I Ka Kené is the seventh album by the Madrid-based group, Dover, released on 4 October 2010. The title means "Are you fine?" in the Bambara language.

The songs were composed between March 2009 and May 2010. The album itself was recorded and produced by Dover in Reno Studios in Madrid between June 7 and July 9, 2010. Five of the songs have been mixed by Chris Lord-Alge (who has worked with blink-182, Paramore and Simple Plan, among others) in Los Angeles, the rest having been mixed by Jesús Antúnez. The album was mastered by Ted Jensen. Dannayá, the first single, was pre-released onto iTunes on July 31.

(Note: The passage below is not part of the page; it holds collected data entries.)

text \<open>The Cauchy-Riemann equation of slice regularity,  D(1,0) + I D(0,1) = 0,  makes the
  L_I-component of  D(h) c  complex linear in h.\<close>
lemma qcomp_CR_linear:
  assumes I: "I \<in> imag_units" and D: "bounded_linear D" and CR: "D (1, 0) + I \<star> D (0, 1) = 0"
  shows "qcomp I (D (Re h, Im h) \<star> c) = qcomp I (D (1, 0) \<star> c) * h"
proof -
  define a where "a = qcomp I (D (1, 0) \<star> c)"
  have lin: "linear D" "linear (qcomp I)"
    using D bounded_linear_qcomp[OF I] by (auto intro: bounded_linear.linear)
  have "D (1, 0) = - (I \<star> D (0, 1))" using CR by (simp add: eq_neg_iff_add_eq_0)
  then have D01: "D (0, 1) = I \<star> D (1, 0)"
    using imag_unit_square[OF I] by (simp add: qmult_minus_right)
  have "D (Re h, Im h) = D (Re h *\<^sub>R (1, 0) + Im h *\<^sub>R (0, 1))" by simp
  also have "\<dots> = Re h *\<^sub>R D (1, 0) + Im h *\<^sub>R D (0, 1)"
    by (simp only: linear_add[OF lin(1)] linear_scale[OF lin(1)])
  finally have "qcomp I (D (Re h, Im h) \<star> c) = Re h *\<^sub>R a + Im h *\<^sub>R qcomp I (I \<star> (D (1, 0) \<star> c))"
    by (simp add: a_def D01 qmult_assoc qmult_add_left qmult_scaleR_left linear_add[OF lin(2)] linear_scale[OF lin(2)])
  also have "\<dots> = a * h"
    unfolding qcomp_imag_unit[OF I] a_def[symmetric] by (simp add: complex_eq_iff algebra_simps)
  finally show ?thesis by (simp add: a_def)
qed


section \<open>The slices of the circular cone\<close>

definition iota :: "quat \<Rightarrow> complex \<Rightarrow> quat" where
  "iota I z = slice_pt I (Re z) (Im z)"

lemma iota_components:
  "I = (0, x1, x2, x3) \<Longrightarrow> iota I z = (Re z, Im z * x1, Im z * x2, Im z * x3)"
  by (simp add: iota_def slice_pt_def qreal_def)

lemma norm_iota:
  assumes "I \<in> imag_units"
  shows "norm (iota I z) = norm z"
proof -
  obtain x1 x2 x3 where I: "I = (0,x1,x2,x3)" and n: "x1^2 + x2^2 + x3^2 = 1"
    using assms by (auto simp: imag_units_def)
  have "(norm (iota I z))^2 = (Re z)^2 + (Im z)^2 * (x1^2 + x2^2 + x3^2)"
    unfolding qnorm2 iota_components[OF I] by (simp add: power_mult_distrib algebra_simps)
  also have "\<dots> = (norm z)^2" using n by (simp add: cmod_power2)
  finally show ?thesis by (simp add: power2_eq_iff_nonneg)
qed

lemma continuous_iota: "continuous_on S (iota I)"
  unfolding iota_def slice_pt_def qreal_def by (intro continuous_intros)

lemma iota_polar: "iota I (complex_of_real r * cis \<theta>) = r *\<^sub>R qexpI I \<theta>"
  by (simp add: iota_def qexpI_def slice_pt_def qreal_def scaleR_add_right)

lemma iota_in_cone_iff:
  assumes \<phi>: "0 < \<phi>" "\<phi> < 2 * pi" and I: "I \<in> imag_units"
  shows "iota I z \<in> circ_cone \<phi> \<longleftrightarrow> z \<in> sector (\<phi>/2)"
proof
  assume "iota I z \<in> circ_cone \<phi>"
  then obtain \<rho> J t where eq: "iota I z = \<rho> *\<^sub>R qexpI J t" and \<rho>: "\<rho> > 0"
      and t: "\<bar>t\<bar> < \<phi>/2" and J: "J \<in> imag_units"
    unfolding circ_cone_def by blast
  obtain x1 x2 x3 where Ie: "I = (0,x1,x2,x3)" and n: "x1^2 + x2^2 + x3^2 = 1"
    using I by (auto simp: imag_units_def)
  obtain y1 y2 y3 where Je: "J = (0,y1,y2,y3)" and m: "y1^2 + y2^2 + y3^2 = 1"
    using J by (auto simp: imag_units_def)
  from eq have c: "Re z = \<rho> * cos t" "Im z * x1 = \<rho> * sin t * y1"
      "Im z * x2 = \<rho> * sin t * y2" "Im z * x3 = \<rho> * sin t * y3"
    by (simp_all add: iota_components[OF Ie] qexpI_def slice_pt_def qreal_def Je)
  have "(Im z)^2 = (Im z * x1)^2 + (Im z * x2)^2 + (Im z * x3)^2"
    using n by algebra
  also have "\<dots> = (\<rho> * sin t)^2" unfolding c using m by algebra
  finally have "(norm z)^2 = \<rho>^2"
    using c(1) by (simp add: cmod_power2 power_mult_distrib algebra_simps sin_squared_eq)
  then have nz: "norm z = \<rho>" using \<rho> by (simp add: power2_eq_iff_nonneg)
  have "cos (\<phi>/2) < cos \<bar>t\<bar>" using t \<phi> by (intro cos_monotone_0_pi) auto
  then have "\<rho> * cos (\<phi>/2) < \<rho> * cos t" using \<rho> by simp
  then show "z \<in> sector (\<phi>/2)" unfolding sector_def using nz c(1) by simp
next
  assume z: "z \<in> sector (\<phi>/2)"
  then have z0: "z \<noteq> 0" by (auto simp: sector_def)
  define \<theta> where "\<theta> = Im (Ln z)"
  have "norm z * cos (\<phi>/2) < norm z * cos \<theta>"
    using z Re_eq_norm_cos_Ln[OF z0] by (simp add: sector_def \<theta>_def)
  then have "cos (\<phi>/2) < cos \<bar>\<theta>\<bar>" using z0 by (simp add: mult_less_cancel_left_pos)
  moreover have "\<bar>\<theta>\<bar> \<le> pi" using mpi_less_Im_Ln[of z] Im_Ln_le_pi[of z] z0 by (auto simp: \<theta>_def)
  ultimately have "\<bar>\<theta>\<bar> < \<phi>/2" using cos_mono_less_eq[of "\<phi>/2" "\<bar>\<theta>\<bar>"] \<phi> by simp
  moreover have "iota I z = norm z *\<^sub>R qexpI I \<theta>"
    using Re_eq_norm_cos_Ln[OF z0] Im_eq_norm_sin_Ln[OF z0]
    by (simp add: iota_def qexpI_def slice_pt_def qreal_def \<theta>_def scaleR_add_right)
  moreover have "norm z > 0" using z0 by simp
  ultimately show "iota I z \<in> circ_cone \<phi>" unfolding circ_cone_def using I by blast
qed


definition slice_fun :: "(quat \<Rightarrow> quat) \<Rightarrow> quat \<Rightarrow> quat \<Rightarrow> complex \<Rightarrow> complex" where
  "slice_fun f I c z = qcomp I (f (iota I z) \<star> c)"

lemma norm_slice_fun:
  assumes "I \<in> imag_units"
  shows "norm (slice_fun f I c z) \<le> norm (f (iota I z)) * norm c"
  unfolding slice_fun_def using qcomp_norm[OF assms, of "f (iota I z) \<star> c"] by (simp add: qmult_norm)

lemma slice_fun_holomorphic:
  assumes reg: "slice_regular f \<Omega>" and I: "I \<in> imag_units"
    and S: "open S" "iota I ` S \<subseteq> \<Omega>"
  shows "slice_fun f I c holomorphic_on S"
  unfolding holomorphic_on_open[OF S(1)]
proof
  fix z assume z: "z \<in> S"
  define F where "F = (\<lambda>(s, t). f (slice_pt I s t))"
  have "slice_pt I (Re z) (Im z) \<in> \<Omega>" using S z by (auto simp: iota_def)
  then obtain D where D: "(F has_derivative D) (at (Re z, Im z))"
      and CR: "D (1, 0) + I \<star> D (0, 1) = 0"
    using reg I unfolding slice_regular_def F_def by fastforce
  have "bounded_linear (\<lambda>h::complex. (Re h, Im h))"
    by (intro bounded_linear_Pair bounded_linear_Re bounded_linear_Im)
  from diff_chain_at[OF bounded_linear_imp_has_derivative[OF this] D]
  have "((\<lambda>z. F (Re z, Im z)) has_derivative (\<lambda>h. D (Re h, Im h))) (at z)"
    by (simp add: o_def)
  from bounded_linear.has_derivative[OF bounded_linear_qcomp[OF I]
        bounded_linear.has_derivative[OF bounded_linear_qmult_right[of c] this]]
  have "((\<lambda>z. qcomp I (F (Re z, Im z) \<star> c)) has_derivative (\<lambda>h. qcomp I (D (Re h, Im h) \<star> c))) (at z)" .
  also have "(\<lambda>z. qcomp I (F (Re z, Im z) \<star> c)) = slice_fun f I c"
    by (simp add: fun_eq_iff slice_fun_def F_def iota_def)
  also have "(\<lambda>h. qcomp I (D (Re h, Im h) \<star> c)) = (*) (qcomp I (D (1, 0) \<star> c))"
    using qcomp_CR_linear[OF I has_derivative_bounded_linear[OF D] CR] by (auto simp: mult.commute)
  finally show "\<exists>f'. (slice_fun f I c has_field_derivative f') (at z)"
    by (auto simp: has_field_derivative_def)
qed

text \<open>M_f(r) bounds |f| on the sphere of radius r; the supremum is finite because the closure of
  the domain meets every sphere in a compact set.\<close>
lemma max_mod_upper:
  assumes cont: "continuous_on (closure \<Omega>) f" and q: "q \<in> closure \<Omega>"
  shows "norm (f q) \<le> max_mod f \<Omega> (norm q)"
proof -
  define K where "K = {p \<in> closure \<Omega>. norm p = norm q}"
  have "K = closure \<Omega> \<inter> sphere 0 (norm q)" by (auto simp: K_def)
  then have "compact K" by (simp add: closed_Int_compact)
  moreover have "continuous_on K (\<lambda>p. norm (f p))"
    by (intro continuous_on_norm continuous_on_subset[OF cont]) (auto simp: K_def)
  ultimately have bdd: "bdd_above ((\<lambda>p. norm (f p)) ` K)"
    by (intro bounded_imp_bdd_above compact_imp_bounded compact_continuous_image)
  show ?thesis
    unfolding max_mod_def K_def[symmetric] by (rule cSUP_upper[OF _ bdd]) (use q in \<open>simp add: K_def\<close>)
qed

lemma max_mod_growth:
  assumes ord: "slice_order f \<Omega> < ereal \<gamma>" and \<gamma>: "\<gamma> > 0"
  obtains R0 where "\<And>r. r \<ge> R0 \<Longrightarrow> max_mod f \<Omega> r \<le> exp (r powr \<gamma>)"
proof -
  define Mf where "Mf = max_mod f \<Omega>"
  have "eventually (\<lambda>r. ereal (lnp (lnp (Mf r)) / ln r) < ereal \<gamma>) at_top"
    using ord unfolding slice_order_def Mf_def by (rule Limsup_lessD)
  then obtain N where N: "\<And>r. r \<ge> N \<Longrightarrow> lnp (lnp (Mf r)) / ln r < \<gamma>"
    unfolding eventually_at_top_linorder by auto
  have "Mf r \<le> exp (r powr \<gamma>)" if r: "r \<ge> max N 2" for r
  proof (cases "Mf r \<le> exp 1")
    case True
    have "1 \<le> r powr \<gamma>" using r \<gamma> by (intro ge_one_powr_ge_zero) auto
    then have "exp 1 \<le> exp (r powr \<gamma>)" by simp
    then show ?thesis using True by linarith
  next
    case False
    then have big: "exp 1 < Mf r" by simp
    have "(1::real) < exp 1" by simp
    then have M1: "1 < Mf r" using big by linarith
    have lnM: "1 < ln (Mf r)" using ln_less_cancel_iff[of "exp 1" "Mf r"] big M1 by simp
    have "lnp (lnp (Mf r)) = ln (ln (Mf r))" using M1 lnM by (simp add: lnp_def)
    moreover have "ln r > 0" using r by simp
    ultimately have "ln (ln (Mf r)) < \<gamma> * ln r" using N[of r] r by (simp add: divide_less_eq)
    then have "exp (ln (ln (Mf r))) < exp (\<gamma> * ln r)" by simp
    then have "ln (Mf r) < r powr \<gamma>" using lnM r by (simp add: powr_def mult.commute)
    then have "exp (ln (Mf r)) < exp (r powr \<gamma>)" by simp
    then show ?thesis using M1 by simp
  qed
  then show ?thesis using that unfolding Mf_def by blast
qed


lemma cone_angle_bounds:
  assumes "\<alpha> > 1/2"
  shows "0 < pi / \<alpha>" "pi / \<alpha> < 2 * pi"
  using assms by (simp_all add: divide_less_eq)

lemma exponents_between:
  fixes \<rho> :: ereal
  assumes "\<rho> < ereal \<alpha>" "\<alpha> > 0"
  obtains \<gamma> \<beta> where "\<rho> < ereal \<gamma>" "0 < \<gamma>" "\<gamma> < \<beta>" "\<beta> < \<alpha>"
proof -
  obtain \<gamma>0 where \<gamma>0: "\<rho> < ereal \<gamma>0" "\<gamma>0 < \<alpha>" using ereal_dense2[OF assms(1)] by auto
  define \<gamma> where "\<gamma> = max \<gamma>0 (\<alpha>/2)"
  have "\<rho> < ereal \<gamma>" using \<gamma>0(1) by (rule order_less_le_trans) (simp add: \<gamma>_def)
  moreover have "0 < \<gamma>" "\<gamma> < (\<gamma> + \<alpha>) / 2" "(\<gamma> + \<alpha>) / 2 < \<alpha>"
    using \<gamma>0 assms(2) by (auto simp: \<gamma>_def)
  ultimately show ?thesis using that by blast
qed

lemma slice_phragmen_lindelof:
  fixes \<alpha> :: real and f :: "quat \<Rightarrow> quat" and M :: real
  defines "\<Omega> \<equiv> circ_cone (pi / \<alpha>)"
  assumes \<alpha>: "\<alpha> > 1/2"
    and reg: "slice_regular f \<Omega>"
    and cont: "continuous_on (closure \<Omega>) f"
    and ord: "slice_order f \<Omega> < ereal \<alpha>"
    and M: "M \<ge> 0"
    and frontier: "\<forall>q \<in> frontier \<Omega>. norm (f q) \<le> M"
    and I: "I \<in> imag_units" and z0: "z0 \<in> sector (pi / \<alpha> / 2)"
  shows "norm (slice_fun f I c z0) \<le> M * norm c"
proof -
  define A where "A = pi / \<alpha> / 2"
  have \<alpha>0: "\<alpha> > 0" using \<alpha> by simp
  have A: "0 < A" "A < pi" using cone_angle_bounds[OF \<alpha>] by (simp_all add: A_def)
  have in_cone_iff: "iota I z \<in> \<Omega> \<longleftrightarrow> z \<in> sector A" for z
    unfolding \<Omega>_def A_def by (rule iota_in_cone_iff[OF cone_angle_bounds[OF \<alpha>] I])
  have open_cone: "open \<Omega>" using reg by (simp add: slice_regular_def)
  have closure_in: "iota I ` closure (sector A) \<subseteq> closure \<Omega>"
    using in_cone_iff by (intro image_closure_subset[OF continuous_iota closed_closure]) (auto intro: closure_subset[THEN subsetD])
  obtain \<gamma> \<beta> where ord_\<gamma>: "slice_order f \<Omega> < ereal \<gamma>" and \<gamma>\<beta>: "0 < \<gamma>" "\<gamma> < \<beta>" "\<beta> < \<alpha>"
    using exponents_between[OF ord \<alpha>0] by blast
  have "\<beta> * A = (\<beta> / \<alpha>) * (pi / 2)" by (simp add: A_def)
  also have "\<dots> < 1 * (pi / 2)" using \<gamma>\<beta> \<alpha>0 by (intro mult_strict_right_mono) auto
  finally have \<beta>A: "\<beta> * A < pi / 2" by simp
  obtain R0 where R0: "\<And>r. r \<ge> R0 \<Longrightarrow> max_mod f \<Omega> r \<le> exp (r powr \<gamma>)"
    using max_mod_growth[OF ord_\<gamma> \<gamma>\<beta>(1)] by blast
  show ?thesis
  proof (rule phragmen_lindelof_sector[OF A \<gamma>\<beta>(1,2) \<beta>A, where H="slice_fun f I c"])
    show "slice_fun f I c holomorphic_on sector A"
      using in_cone_iff by (intro slice_fun_holomorphic[OF reg I open_sector]) auto
    show "continuous_on (closure (sector A)) (slice_fun f I c)"
      unfolding slice_fun_def[abs_def] using closure_in
      by (intro bounded_linear.continuous_on[OF bounded_linear_qcomp[OF I]]
          bounded_linear.continuous_on[OF bounded_linear_qmult_right]
          continuous_on_compose2[OF cont continuous_iota]) auto
  next
    fix z assume z: "z \<in> closure (sector A)" "z \<notin> sector A"
    have "iota I z \<in> closure \<Omega>" "iota I z \<notin> \<Omega>" using z closure_in in_cone_iff by auto
    then have "iota I z \<in> frontier \<Omega>" by (simp add: frontier_def interior_open[OF open_cone])
    then have "norm (f (iota I z)) \<le> M" using frontier by blast
    then have "norm (f (iota I z)) * norm c \<le> M * norm c" by (rule mult_right_mono) simp
    with norm_slice_fun[OF I, of f c z] show "norm (slice_fun f I c z) \<le> M * norm c" by linarith
  next
    fix z assume z: "z \<in> closure (sector A)" "norm z \<ge> R0"
    have "iota I z \<in> closure \<Omega>" using z(1) closure_in by blast
    from max_mod_upper[OF cont this]
    have "norm (f (iota I z)) \<le> max_mod f \<Omega> (norm z)" by (simp add: norm_iota[OF I])
    also have "\<dots> \<le> exp (norm z powr \<gamma>)" by (rule R0[OF z(2)])
    finally have "norm (f (iota I z)) * norm c \<le> norm c * exp (norm z powr \<gamma>)"
      by (simp add: mult.commute mult_left_mono)
    with norm_slice_fun[OF I, of f c z]
    show "norm (slice_fun f I c z) \<le> norm c * exp (norm z powr \<gamma>)" by linarith
  next
    show "0 \<le> M * norm c" using M by simp
    show "z0 \<in> sector A" using z0 by (simp add: A_def)
  qed
qed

The 10 songs on the album are sung in a mixture of English, French and Bambara, all together lasting just over 30 minutes in length. In addition to a regular album, Dover have also released a special edition version that will include a vinyl album and a remix of "Dannaya" by Mexican Institute of Sound.

Track listing 
Lyrics and music by Amparo Llanos and Cristina Llanos.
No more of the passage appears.